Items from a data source
○ ○ ○ ○ ○

(* The space $\mathcal{M}(H^1(\mathbb{R}))$ of bounded Fourier multipliers on $H^1(\mathbb{R})$ is weak$^*$-closed in $B(H^1(\mathbb{R}))$, where $B(H^1(\mathbb{R}))$ carries the weak$^*$-topology coming from the isometric identification $B(H^1(\mathbb{R}))\simeq\big((C_0(\mathbb{R})/Z_0)\widehat{\otimes}H^1(\mathbb{R})\big)^*$ given by $\langle T,\dot f\otimes h\rangle=\int_{\mathbb{R}}(Th)(t)f(-t)\,dt$.
   Context: $H^1(\mathbb{R})=\{h\in L^1(\mathbb{R}):\widehat h(u)=0\ \forall u\le0\}$, $\widehat h(u)=\int h(t)e^{-itu}dt$. $H^\infty(\mathbb{R})$ is the weak$^*$-closure of $H^1(\mathbb{R})\cap L^\infty(\mathbb{R})$ in $L^\infty(\mathbb{R})$ (equivalently the bounded functions whose Poisson integral on the upper half-plane is analytic). $Z_0=C_0(\mathbb{R})\cap H^\infty(\mathbb{R})$, and $\dot f$ is the class of $f\in C_0(\mathbb{R})$ in $C_0(\mathbb{R})/Z_0$. One has $(C_0(\mathbb{R})/Z_0)^*\simeq H^1(\mathbb{R})$ via $\langle h,\dot f\rangle=\int h(t)f(-t)dt$, which yields the stated identification of $B(H^1(\mathbb{R}))$ as the dual of the projective tensor product $(C_0(\mathbb{R})/Z_0)\widehat{\otimes}H^1(\mathbb{R})$. $\mathcal{M}(H^1(\mathbb{R}))$ is the set of $T\in B(H^1(\mathbb{R}))$ of the form $Th=\mathcal{F}^{-1}(m\widehat h)$ for some $m\in L^\infty(0,\infty)$. *)

theory Defs
  imports "HOL-Analysis.Analysis"
begin

definition fourier :: "(real \<Rightarrow> complex) \<Rightarrow> real \<Rightarrow> complex" where
  "fourier h u = (\<integral>t. h t * exp (- \<i> * complex_of_real (t * u)) \<partial>lborel)"

definition L1_norm :: "(real \<Rightarrow> complex) \<Rightarrow> real" where
  "L1_norm h = (\<integral>t. cmod (h t) \<partial>lborel)"

definition H1 :: "(real \<Rightarrow> complex) set" where
  "H1 = {h. integrable lborel h \<and> (\<forall>u\<le>0. fourier h u = 0)}"

definition C0 :: "(real \<Rightarrow> complex) set" where
  "C0 = {f. continuous_on UNIV f \<and> (f \<longlongrightarrow> 0) at_infinity}"

definition sup_norm :: "(real \<Rightarrow> complex) \<Rightarrow> real" where
  "sup_norm f = (SUP t. cmod (f t))"

text \<open>Bounded linear operators on H^1(R), represented as maps on representatives;
  linearity is required up to a.e. equality.\<close>
definition BH1 :: "((real \<Rightarrow> complex) \<Rightarrow> (real \<Rightarrow> complex)) set" where
  "BH1 = {T. (\<forall>h\<in>H1. T h \<in> H1)
            \<and> (\<forall>h\<in>H1. \<forall>g\<in>H1. \<forall>c::complex.
                  AE t in lborel. T (\<lambda>s. c * h s + g s) t = c * T h t + T g t)
            \<and> (\<exists>C. \<forall>h\<in>H1. L1_norm (T h) \<le> C * L1_norm h)}"

definition MH1 :: "((real \<Rightarrow> complex) \<Rightarrow> (real \<Rightarrow> complex)) set" where
  "MH1 = {T\<in>BH1. \<exists>m::real \<Rightarrow> complex. m \<in> borel_measurable lborel
            \<and> (\<exists>C. AE u in lborel. u > 0 \<longrightarrow> cmod (m u) \<le> C)
            \<and> (\<forall>h\<in>H1. AE u in lborel. u > 0 \<longrightarrow> fourier (T h) u = m u * fourier h u)}"

text \<open>Elements of the projective tensor product (C_0/Z_0) \<otimes> H^1 are represented by
  sequences (f_n, h_n) with f_n in C_0, h_n in H^1 and sum ||f_n|| ||h_n|| finite;
  their pairing with T is sum_n integral (T h_n)(t) f_n(-t) dt.\<close>
definition tensor_reps :: "((nat \<Rightarrow> real \<Rightarrow> complex) \<times> (nat \<Rightarrow> real \<Rightarrow> complex)) set" where
  "tensor_reps = {(f, h). (\<forall>n. f n \<in> C0 \<and> h n \<in> H1)
                    \<and> summable (\<lambda>n. sup_norm (f n) * L1_norm (h n))}"
(* Suppose Assumption 1 holds. Let $\mathbf{x}^*\in\mathcal{X}_0$ satisfy $\mathbf{g}(\mathbf{x}^* )\le\mathbf{0}$ (componentwise). Let $\gamma>0$ and $\eta>0$ be arbitrary and suppose $\alpha\ge\frac12(\gamma^2\beta^2+\eta)$ in Algorithm 1. Then for all $t\ge1$, $$\Delta(t+1)+f^t(\mathbf{x}(t))\le f^t(\mathbf{x}^* )+\alpha\big[\|\mathbf{x}^*-\mathbf{x}(t)\|^2-\|\mathbf{x}^*-\mathbf{x}(t+1)\|^2\big]+\tfrac12\big[\|\tilde{\mathbf{g}}(\mathbf{x}(t+1))\|^2-\|\tilde{\mathbf{g}}(\mathbf{x}(t))\|^2\big]+\frac{D^2}{2\eta}.$$
   Context: Setting: $n,m$ positive integers; $\mathcal{X}_0\subset\mathbb{R}^n$ is a nonempty compact convex set; $\mathbf{g}=(g_1,\ldots,g_m)^{\mathsf T}:\mathbb{R}^n\to\mathbb{R}^m$ with each $g_k$ convex and continuous; $f^t$, $t=0,1,2,\ldots$, are convex differentiable real functions on (a neighborhood of) $\mathcal{X}_0$. All norms are Euclidean. Assumption 1: there are constants $D,\beta,G,R>0$ with $\|\nabla f^t(\mathbf{x})\|\le D$ for all $\mathbf{x}\in\mathcal{X}_0$ and all $t\ge0$; $\|\mathbf{g}(\mathbf{x})-\mathbf{g}(\mathbf{y})\|\le\beta\|\mathbf{x}-\mathbf{y}\|$ for all $\mathbf{x},\mathbf{y}\in\mathcal{X}_0$; $\|\mathbf{g}(\mathbf{x})\|\le G$ for all $\mathbf{x}\in\mathcal{X}_0$; $\|\mathbf{x}-\mathbf{y}\|\le R$ for all $\mathbf{x},\mathbf{y}\in\mathcal{X}_0$. Algorithm 1 (parameters $\gamma>0,\alpha>0$): let $\tilde{\mathbf{g}}(\mathbf{x})=\gamma\mathbf{g}(\mathbf{x})$. Choose any $\mathbf{x}(0)\in\mathcal{X}_0$ and set $Q_k(0)=0$ for all $k$. For each $t=0,1,2,\ldots$: set $Q_k(t+1)=\max\{-\tilde g_k(\mathbf{x}(t)),\,Q_k(t)+\tilde g_k(\mathbf{x}(t))\}$ for $k=1,\ldots,m$, and let $\mathbf{x}(t+1)$ be a minimizer over $\mathbf{x}\in\mathcal{X}_0$ of $[\nabla f^t(\mathbf{x}(t))]^{\mathsf T}(\mathbf{x}-\mathbf{x}(t))+[\mathbf{Q}(t+1)+\tilde{\mathbf{g}}(\mathbf{x}(t))]^{\mathsf T}\tilde{\mathbf{g}}(\mathbf{x})+\alpha\|\mathbf{x}-\mathbf{x}(t)\|^2$, where $\mathbf{Q}(t)=(Q_1(t),\ldots,Q_m(t))^{\mathsf T}$. Lyapunov function and drift: $L(t)=\tfrac12\|\mathbf{Q}(t)\|^2$ and $\Delta(t)=L(t+1)-L(t)$. *)

theory Defs
  imports "HOL-Analysis.Analysis"
begin

text \<open>Algorithm 1. Vectors in R^n are real^'n, constraint vectors in R^m are real^'m.
  grad t x is the gradient of f^t at x. The run (x, Q) of the algorithm is any pair of
  sequences satisfying the update rules; x(t+1) is any minimizer of the per-slot objective.\<close>

definition alg1_obj ::
  "real \<Rightarrow> real \<Rightarrow> (real^'n \<Rightarrow> real^'m) \<Rightarrow> real^'n \<Rightarrow> real^'n \<Rightarrow> real^'m \<Rightarrow> real^'n \<Rightarrow> real"
  where "alg1_obj \<gamma> \<alpha> g gr xt Qnext y =
     gr \<bullet> (y - xt) + (Qnext + \<gamma> *\<^sub>R g xt) \<bullet> (\<gamma> *\<^sub>R g y) + \<alpha> * (norm (y - xt))\<^sup>2"

definition alg1_run ::
  "real \<Rightarrow> real \<Rightarrow> (real^'n) set \<Rightarrow> (real^'n \<Rightarrow> real^'m) \<Rightarrow> (nat \<Rightarrow> real^'n \<Rightarrow> real^'n)
   \<Rightarrow> (nat \<Rightarrow> real^'n) \<Rightarrow> (nat \<Rightarrow> real^'m) \<Rightarrow> bool"
  where "alg1_run \<gamma> \<alpha> X0 g grad x Q \<longleftrightarrow>
     x 0 \<in> X0 \<and> Q 0 = 0 \<and>
     (\<forall>t. Q (Suc t) = (\<chi> k. max (- (\<gamma> * g (x t) $ k)) (Q t $ k + \<gamma> * g (x t) $ k))) \<and>
     (\<forall>t. x (Suc t) \<in> X0 \<and>
        (\<forall>y\<in>X0. alg1_obj \<gamma> \<alpha> g (grad t (x t)) (x t) (Q (Suc t)) (x (Suc t))
                  \<le> alg1_obj \<gamma> \<alpha> g (grad t (x t)) (x t) (Q (Suc t)) y))"

definition lyap :: "(nat \<Rightarrow> real^'m) \<Rightarrow> nat \<Rightarrow> real"
  where "lyap Q t = (norm (Q t))\<^sup>2 / 2"

definition drift :: "(nat \<Rightarrow> real^'m) \<Rightarrow> nat \<Rightarrow> real"
  where "drift Q t = lyap Q (Suc t) - lyap Q t"

end

theory Submission
  imports Defs
begin

text \<open>Let \<open>w = Q(t+1) + \<gamma> g(x(t))\<close>. The queue update makes \<open>w\<close> componentwise nonnegative,
  so the per-slot objective is a convex function plus \<open>\<alpha> \<parallel>y - x(t)\<parallel>\<^sup>2\<close>, and its minimizer
  \<open>x(t+1)\<close> beats \<open>x\<^sup>*\<close> by the extra margin \<open>\<alpha> \<parallel>x\<^sup>* - x(t+1)\<parallel>\<^sup>2\<close>; moreover
  \<open>w \<bullet> \<gamma> g(x\<^sup>*) \<le> 0\<close>. Squaring the queue update bounds the drift \<open>\<Delta>(t+1)\<close> by
  \<open>w \<bullet> \<gamma> g(x(t+1))\<close> plus the telescoping term and \<open>1/2 \<parallel>\<gamma> g(x(t+1)) - \<gamma> g(x(t))\<parallel>\<^sup>2\<close>. The latter
  and the linear term \<open>-\<nabla>f\<^sup>t \<bullet> (x(t+1) - x(t))\<close> are absorbed by \<open>\<alpha> \<parallel>x(t+1) - x(t)\<parallel>\<^sup>2\<close> via the
  Lipschitz bound and Young's inequality with parameter \<open>\<eta>\<close>, leaving \<open>D\<^sup>2/(2\<eta>)\<close>; the tangent
  inequality for the convex \<open>f\<^sup>t\<close> turns \<open>\<nabla>f\<^sup>t \<bullet> (x\<^sup>* - x(t))\<close> into \<open>f\<^sup>t(x\<^sup>*) - f\<^sup>t(x(t))\<close>.\<close>

lemma convex_on_imp_above_tangent_inner:
  fixes f :: "'a::real_inner \<Rightarrow> real"
  assumes f: "convex_on U f" and c: "c \<in> U" and x: "x \<in> U"
    and deriv: "(f has_derivative (\<lambda>h. d \<bullet> h)) (at c)"
  shows "f c + d \<bullet> (x - c) \<le> f x"
proof -
  define v where "v = x - c"
  have "((\<lambda>s. c + s *\<^sub>R v) has_derivative (\<lambda>s. s *\<^sub>R v)) (at (0::real))"
    by (auto intro!: derivative_eq_intros)
  moreover have "(f has_derivative (\<lambda>h. d \<bullet> h)) (at (c + (0::real) *\<^sub>R v))"
    using deriv by simp
  ultimately have "((\<lambda>s. f (c + s *\<^sub>R v)) has_derivative (\<lambda>s. d \<bullet> (s *\<^sub>R v))) (at (0::real))"
    by (rule has_derivative_compose)
  then have "((\<lambda>s. f (c + s *\<^sub>R v)) has_field_derivative d \<bullet> v) (at 0)"
    by (simp add: has_field_derivative_def mult.commute[of _ "d \<bullet> v"])
  then have "((\<lambda>s. (f (c + s *\<^sub>R v) - f c) / s) \<longlongrightarrow> d \<bullet> v) (at_right 0)"
    by (auto simp: has_field_derivative_iff intro: tendsto_mono at_le)
  moreover have "\<forall>\<^sub>F s in at_right 0. (f (c + s *\<^sub>R v) - f c) / s \<le> f x - f c"
    using eventually_at_right_real[OF zero_less_one]
  proof eventually_elim
    case (elim s)
    have "c + s *\<^sub>R v = (1 - s) *\<^sub>R c + s *\<^sub>R x"
      by (simp add: v_def algebra_simps)
    then have "f (c + s *\<^sub>R v) \<le> (1 - s) * f c + s * f x"
      using convex_onD[OF f, of s c x] elim c x by simp
    then have "f (c + s *\<^sub>R v) - f c \<le> (f x - f c) * s"
      by (simp add: algebra_simps)
    with elim show ?case
      by (simp add: pos_divide_le_eq)
  qed
  ultimately have "d \<bullet> v \<le> f x - f c"
    by (simp add: tendsto_upperbound)
  then show ?thesis
    by (simp add: v_def)
qed

lemma convex_on_inner_diff:
  fixes d :: "'a::real_inner"
  assumes "convex S"
  shows "convex_on S (\<lambda>y. d \<bullet> (y - c))"
proof (rule convex_onI)
  fix t :: real and x y
  have "(1 - t) *\<^sub>R x + t *\<^sub>R y - c = (1 - t) *\<^sub>R (x - c) + t *\<^sub>R (y - c)"
    by (simp add: algebra_simps)
  then show "d \<bullet> ((1 - t) *\<^sub>R x + t *\<^sub>R y - c) \<le> (1 - t) * (d \<bullet> (x - c)) + t * (d \<bullet> (y - c))"
    by (simp add: inner_add_right)
qed (fact assms)

lemma convex_on_sum_fun:
  assumes "finite I" "convex S" "\<And>i. i \<in> I \<Longrightarrow> convex_on S (f i)"
  shows "convex_on S (\<lambda>x. \<Sum>i\<in>I. f i x)"
  using assms by (induction I rule: finite_induct) (auto simp: convex_on_const)

lemma convex_on_inner_nonneg:
  fixes g :: "'a::real_vector \<Rightarrow> real^'m"
  assumes "convex S" "\<And>k. convex_on S (\<lambda>y. g y $ k)" "\<And>k. 0 \<le> c $ k"
  shows "convex_on S (\<lambda>y. c \<bullet> g y)"
  unfolding inner_vec_def inner_real_def
  using assms by (intro convex_on_sum_fun convex_on_cmul) auto

lemma norm_convex_combination_squared:
  fixes a b :: "'a::real_inner"
  shows "(norm ((1 - l) *\<^sub>R a + l *\<^sub>R b))\<^sup>2
         = (1 - l) * (norm a)\<^sup>2 + l * (norm b)\<^sup>2 - l * (1 - l) * (norm (a - b))\<^sup>2"
  unfolding power2_norm_eq_inner
  by (simp add: inner_diff inner_add inner_commute algebra_simps)

text \<open>Compare \<open>x1\<close> with the points \<open>(1 - l) x1 + l y\<close> of the segment and let \<open>l \<rightarrow> 0\<close>.\<close>

lemma proximal_minimizer_le:
  fixes h :: "'a::real_inner \<Rightarrow> real"
  assumes h: "convex_on S h" and x1: "x1 \<in> S" and y: "y \<in> S"
    and min: "\<And>z. z \<in> S \<Longrightarrow> h x1 + \<alpha> * (norm (x1 - c))\<^sup>2 \<le> h z + \<alpha> * (norm (z - c))\<^sup>2"
  shows "h x1 + \<alpha> * (norm (x1 - c))\<^sup>2 + \<alpha> * (norm (y - x1))\<^sup>2 \<le> h y + \<alpha> * (norm (y - c))\<^sup>2"
proof -
  define \<phi> where "\<phi> z = h z + \<alpha> * (norm (z - c))\<^sup>2" for z
  define N where "N = (norm (y - x1))\<^sup>2"
  have interpolate: "\<phi> x1 \<le> \<phi> y - \<alpha> * (1 - l) * N" if l: "0 < l" "l \<le> 1" for l
  proof -
    define z where "z = (1 - l) *\<^sub>R x1 + l *\<^sub>R y"
    have "z \<in> S"
      using convexD[OF convex_on_imp_convex[OF h] x1 y, of "1 - l" l] l by (simp add: z_def)
    then have "\<phi> x1 \<le> \<phi> z"
      using min by (simp add: \<phi>_def)
    moreover have "h z \<le> (1 - l) * h x1 + l * h y"
      using convex_onD[OF h, of l x1 y] l x1 y by (simp add: z_def)
    moreover have "z - c = (1 - l) *\<^sub>R (x1 - c) + l *\<^sub>R (y - c)"
      by (simp add: z_def algebra_simps)
    then have "(norm (z - c))\<^sup>2 = (1 - l) * (norm (x1 - c))\<^sup>2 + l * (norm (y - c))\<^sup>2 - l * (1 - l) * N"
      by (simp add: norm_convex_combination_squared N_def norm_minus_commute)
    ultimately have "l * \<phi> x1 \<le> l * (\<phi> y - \<alpha> * (1 - l) * N)"
      by (simp add: \<phi>_def algebra_simps)
    with l show ?thesis
      by simp
  qed
  have "((\<lambda>l. \<phi> y - \<alpha> * (1 - l) * N) \<longlongrightarrow> \<phi> y - \<alpha> * (1 - 0) * N) (at_right 0)"
    by (intro tendsto_intros)
  moreover have "\<forall>\<^sub>F l in at_right 0. \<phi> x1 \<le> \<phi> y - \<alpha> * (1 - l) * N"
    using eventually_at_right_real[OF zero_less_one] by eventually_elim (use interpolate in auto)
  ultimately have "\<phi> x1 \<le> \<phi> y - \<alpha> * N"
    by (simp add: tendsto_lowerbound)
  then show ?thesis
    by (simp add: \<phi>_def N_def)
qed

lemma inner_le_young:
  fixes u v :: "'a::real_inner"
  assumes "0 < \<eta>"
  shows "u \<bullet> v \<le> (norm u)\<^sup>2 / (2 * \<eta>) + \<eta> * (norm v)\<^sup>2 / 2"
proof -
  have "2 * \<eta> * (norm u * norm v) \<le> (norm u)\<^sup>2 + (\<eta> * norm v)\<^sup>2"
    using sum_squares_bound[of "norm u" "\<eta> * norm v"] by (simp add: algebra_simps)
  then have "norm u * norm v \<le> (norm u)\<^sup>2 / (2 * \<eta>) + \<eta> * (norm v)\<^sup>2 / 2"
    using assms by (simp add: field_simps power2_eq_square)
  then show ?thesis
    using norm_cauchy_schwarz[of u v] by linarith
qed

lemma young_absorb_le:
  fixes d v :: "'a::real_inner"
  assumes "0 < \<eta>" "norm d \<le> D" "0 \<le> e" "e \<le> L * norm v" "(L\<^sup>2 + \<eta>) / 2 \<le> \<alpha>"
  shows "e\<^sup>2 / 2 - d \<bullet> v \<le> D\<^sup>2 / (2 * \<eta>) + \<alpha> * (norm v)\<^sup>2"
proof -
  have "e\<^sup>2 \<le> L\<^sup>2 * (norm v)\<^sup>2"
    using power_mono[OF assms(4) assms(3), of 2] by (simp add: power_mult_distrib)
  moreover have "(norm d)\<^sup>2 / (2 * \<eta>) \<le> D\<^sup>2 / (2 * \<eta>)"
    using assms(1,2) by (intro divide_right_mono power_mono) auto
  moreover have "(L\<^sup>2 + \<eta>) / 2 * (norm v)\<^sup>2 \<le> \<alpha> * (norm v)\<^sup>2"
    using assms(5) by (rule mult_right_mono) simp
  ultimately show ?thesis
    using inner_le_young[OF assms(1), of "- d" v] by (simp add: algebra_simps)
qed

definition queue_update :: "real^'m \<Rightarrow> real^'m \<Rightarrow> real^'m"
  where "queue_update a q = (\<chi> k. max (- a $ k) (q $ k + a $ k))"

lemma queue_update_add_nonneg: "0 \<le> (queue_update a q + a) $ k"
  by (simp add: queue_update_def)

lemma norm_queue_update_le: "(norm (queue_update a q))\<^sup>2 \<le> (norm (q + a))\<^sup>2 + (norm a)\<^sup>2"
proof -
  have "(norm (queue_update a q))\<^sup>2 = (\<Sum>k\<in>UNIV. (max (- a $ k) (q $ k + a $ k))\<^sup>2)"
    unfolding power2_norm_eq_inner by (simp add: inner_vec_def queue_update_def power2_eq_square)
  also have "\<dots> \<le> (\<Sum>k\<in>UNIV. (q $ k + a $ k)\<^sup>2 + (a $ k)\<^sup>2)"
    by (intro sum_mono) (simp add: max_def)
  also have "\<dots> = (norm (q + a))\<^sup>2 + (norm a)\<^sup>2"
    unfolding power2_norm_eq_inner by (simp add: inner_vec_def sum.distrib power2_eq_square)
  finally show ?thesis .
qed

lemma queue_update_drift_le:
  "((norm (queue_update b q))\<^sup>2 - (norm q)\<^sup>2) / 2
   \<le> (q + a) \<bullet> b + ((norm b)\<^sup>2 - (norm a)\<^sup>2) / 2 + (norm (b - a))\<^sup>2 / 2"
proof -
  have "(norm (q + b))\<^sup>2 + (norm b)\<^sup>2 - (norm q)\<^sup>2
        = 2 * ((q + a) \<bullet> b) + (norm b)\<^sup>2 - (norm a)\<^sup>2 + (norm (b - a))\<^sup>2"
    unfolding power2_norm_eq_inner by (simp add: inner_simps inner_commute algebra_simps)
  with norm_queue_update_le[of b q] show ?thesis
    by (simp add: field_simps)
qed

○ ○ ○ ○ ○

• _Exercise instructions_:
Reproduce exactly the lines that run from the start of the records to the line with "(SUP t. cmod", both included.

• _Solution for this exercise_:
(* The space $\mathcal{M}(H^1(\mathbb{R}))$ of bounded Fourier multipliers on $H^1(\mathbb{R})$ is weak$^*$-closed in $B(H^1(\mathbb{R}))$, where $B(H^1(\mathbb{R}))$ carries the weak$^*$-topology coming from the isometric identification $B(H^1(\mathbb{R}))\simeq\big((C_0(\mathbb{R})/Z_0)\widehat{\otimes}H^1(\mathbb{R})\big)^*$ given by $\langle T,\dot f\otimes h\rangle=\int_{\mathbb{R}}(Th)(t)f(-t)\,dt$.
   Context: $H^1(\mathbb{R})=\{h\in L^1(\mathbb{R}):\widehat h(u)=0\ \forall u\le0\}$, $\widehat h(u)=\int h(t)e^{-itu}dt$. $H^\infty(\mathbb{R})$ is the weak$^*$-closure of $H^1(\mathbb{R})\cap L^\infty(\mathbb{R})$ in $L^\infty(\mathbb{R})$ (equivalently the bounded functions whose Poisson integral on the upper half-plane is analytic). $Z_0=C_0(\mathbb{R})\cap H^\infty(\mathbb{R})$, and $\dot f$ is the class of $f\in C_0(\mathbb{R})$ in $C_0(\mathbb{R})/Z_0$. One has $(C_0(\mathbb{R})/Z_0)^*\simeq H^1(\mathbb{R})$ via $\langle h,\dot f\rangle=\int h(t)f(-t)dt$, which yields the stated identification of $B(H^1(\mathbb{R}))$ as the dual of the projective tensor product $(C_0(\mathbb{R})/Z_0)\widehat{\otimes}H^1(\mathbb{R})$. $\mathcal{M}(H^1(\mathbb{R}))$ is the set of $T\in B(H^1(\mathbb{R}))$ of the form $Th=\mathcal{F}^{-1}(m\widehat h)$ for some $m\in L^\infty(0,\infty)$. *)

theory Defs
  imports "HOL-Analysis.Analysis"
begin

definition fourier :: "(real \<Rightarrow> complex) \<Rightarrow> real \<Rightarrow> complex" where
  "fourier h u = (\<integral>t. h t * exp (- \<i> * complex_of_real (t * u)) \<partial>lborel)"

definition L1_norm :: "(real \<Rightarrow> complex) \<Rightarrow> real" where
  "L1_norm h = (\<integral>t. cmod (h t) \<partial>lborel)"

definition H1 :: "(real \<Rightarrow> complex) set" where
  "H1 = {h. integrable lborel h \<and> (\<forall>u\<le>0. fourier h u = 0)}"

definition C0 :: "(real \<Rightarrow> complex) set" where
  "C0 = {f. continuous_on UNIV f \<and> (f \<longlongrightarrow> 0) at_infinity}"

definition sup_norm :: "(real \<Rightarrow> complex) \<Rightarrow> real" where
  "sup_norm f = (SUP t. cmod (f t))"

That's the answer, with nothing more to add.